▶ [EXERCISE OBJECTIVE]: Go over the entries below line by line, copying each one that contains the word "lemma".

** THE DATA follows **

lemma S0_partner_map:
  obtains g where "inj_on g S0" "g ` S0 \<subseteq> S"
    "\<And>u. u \<in> S0 \<Longrightarrow> d \<le> deg_I (g u) + 1"
    "\<And>u w. u \<in> S0 \<Longrightarrow> E (g u) w \<Longrightarrow> w \<in> I \<or> w = u"
proof -
  obtain g where g: "\<And>u. u \<in> S0 \<Longrightarrow> g u \<in> S \<and> E (g u) u \<and> (\<forall>w. E (g u) w \<longrightarrow> w \<in> I \<or> w = u)"
    using S0_partner by metis
  have inj: "inj_on g S0"
  proof
    fix u u' assume u: "u \<in> S0" and u': "u' \<in> S0" and "g u = g u'"
    then have "E (g u) u'"
      using g[OF u'] by simp
    then have "u' \<in> I \<or> u' = u"
      using g[OF u] by blast
    then show "u = u'"
      using u' by (auto simp: S0_def)
  qed
  have deg: "d \<le> deg_I (g u) + 1" if u: "u \<in> S0" for u
  proof -
    have "g u \<in> V"
      using g[OF u] S_subset_V by blast
    then have "d \<le> deg_I (g u) + card {u}"
      using g[OF u] by (intro le_deg_I_add_card) auto
    then show ?thesis
      by simp
  qed
  show thesis
    by (rule that[OF inj _ deg]) (use g in auto)
qed

theorem card_S_le_d_mult_card_I:
  assumes "3 \<le> d"
  shows "card S \<le> d * card I"
proof -
  obtain g where g: "inj_on g S0" "g ` S0 \<subseteq> S" "\<And>u. u \<in> S0 \<Longrightarrow> d \<le> deg_I (g u) + 1"
    by (metis S0_partner_map)
  \<comment> \<open>the weight deg_I t pays 1 for t itself, except that vertices of S0 are paid by their
      partners, whose deg_I is at least d - 1 \<ge> 2\<close>
  have "1 + of_bool (t \<in> g ` S0) \<le> deg_I t + of_bool (t \<in> S0)" if "t \<in> S" for t
  proof (cases "t \<in> g ` S0")
    case True
    then obtain u where "u \<in> S0" "t = g u"
      by blast
    then have "2 \<le> deg_I t"
      using g(3) assms by fastforce
    then show ?thesis
      by (simp add: S0_def)
  next
    case False
    then show ?thesis
      using that by (cases "deg_I t = 0") (simp_all add: S0_def)
  qed
  then have "(\<Sum>t\<in>S. 1 + of_bool (t \<in> g ` S0)) \<le> (\<Sum>t\<in>S. deg_I t + of_bool (t \<in> S0))"
    by (rule sum_mono)
  then have "card S + card (g ` S0) \<le> d * card I + card S0"
    using S0_subset_S g(2) finite_S sum_deg_I unfolding sum.distrib by (simp add: Int_absorb1)
  then show ?thesis
    using card_image[OF g(1)] by simp
qed

definition L :: "'a set" where
  "L = {x \<in> I. \<forall>y. E x y \<longrightarrow> deg_I y \<le> 1}"

lemma L_subset_I: "L \<subseteq> I"
  by (auto simp: L_def)

lemma L_unique_I_neighbour:
  assumes "x \<in> L" "x' \<in> I" "E x y" "E x' y"
  shows "x' = x"
proof -
  have "deg_I y \<le> Suc 0"
    using assms(1,3) by (simp add: L_def)
  moreover have "x \<in> neighbours V E y \<inter> I" "x' \<in> neighbours V E y \<inter> I"
    using assms adjacent_sym by (auto simp: L_def)
  ultimately show ?thesis
    unfolding deg_I_def by (metis card_le_Suc0_iff_eq finite_Int finite_neighbours)
qed

lemma L_swap_independent:
  assumes x: "x \<in> L" and ab: "E x a" "E x b" "a \<noteq> b" "\<not> E a b"
    and p: "p \<in> insert a (insert b (I - {x}))" and q: "q \<in> insert a (insert b (I - {x}))"
  shows "\<not> E p q"
proof
  assume pq: "E p q"
  have ab_no_I: "\<not> E c y" if "c \<in> {a, b}" "y \<in> I - {x}" for c y
    using that ab L_unique_I_neighbour[OF x, of y c] adjacent_sym by blast
  consider "p \<in> I - {x}" "q \<in> I - {x}" | "p \<in> {a, b}" "q \<in> I - {x}"
    | "q \<in> {a, b}" "p \<in> I - {x}" | "p \<in> {a, b}" "q \<in> {a, b}"
    using p q by blast
  then show False
  proof cases
    case 1
    then show ?thesis using pq I_independent by blast
  next
    case 2
    then show ?thesis using pq ab_no_I by blast
  next
    case 3
    then show ?thesis using pq ab_no_I adjacent_sym by blast
  next
    case 4
    then show ?thesis using pq ab(4) adjacent_sym not_adjacent_self by blast
  qed
qed

lemma L_partner:
  assumes conn: "connected_graph V E" and not_complete: "\<not> is_complete_graph V E (d + 1)"
    and "3 \<le> d" and x: "x \<in> L"
  shows "\<exists>z\<in>S. d \<le> deg_I z + 2 \<and> (\<forall>y\<in>S. E z y \<longrightarrow> E x y)"
proof -
  have xI: "x \<in> I"
    using x by (simp add: L_def)
  obtain a b where ab: "E x a" "E x b" "a \<noteq> b" "\<not> E a b"
    using neighbourhood_not_clique[OF conn not_complete] xI by blast
  have aS: "a \<in> S" and bS: "b \<in> S"
    using ab xI I_independent adjacent_in_V by blast+
  let ?J = "insert a (insert b (I - {x}))"
  have J_indep: "\<not> E p q" if "p \<in> ?J" "q \<in> ?J" for p q
    using L_swap_independent[OF x ab] that by blast
  have J_card: "card I < card ?J"
    using card_exchange_one_for_two[of I x a b] xI aS bS ab(3) finite_V by simp
  have J_V: "?J \<subseteq> V"
    using aS bS S_subset_V by blast
  obtain z where z: "z \<in> V - ?J" "\<forall>w. E z w \<longrightarrow> w \<in> ?J"
    using larger_independent_set_traps_vertex[OF J_V J_indep J_card] by blast
  have "d \<le> deg_I z + card {a, b}"
    using z by (intro le_deg_I_add_card) auto
  then have deg_z: "d \<le> deg_I z + 2"
    using ab(3) by simp
  have "neighbours V E x \<inter> I = {}"
    using xI I_independent by auto
  then have "z \<noteq> x"
    using deg_z \<open>3 \<le> d\<close> by (auto simp: deg_I_def)
  then have "z \<in> S"
    using z by blast
  moreover have "\<forall>y\<in>S. E z y \<longrightarrow> E x y"
    using z ab by auto
  ultimately show ?thesis
    using deg_z by blast
qed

** End of THE DATA **

▶ [OUTPUT]:
lemma S0_partner_map:
lemma L_subset_I: "L \<subseteq> I"
lemma L_unique_I_neighbour:
lemma L_swap_independent:
lemma L_partner:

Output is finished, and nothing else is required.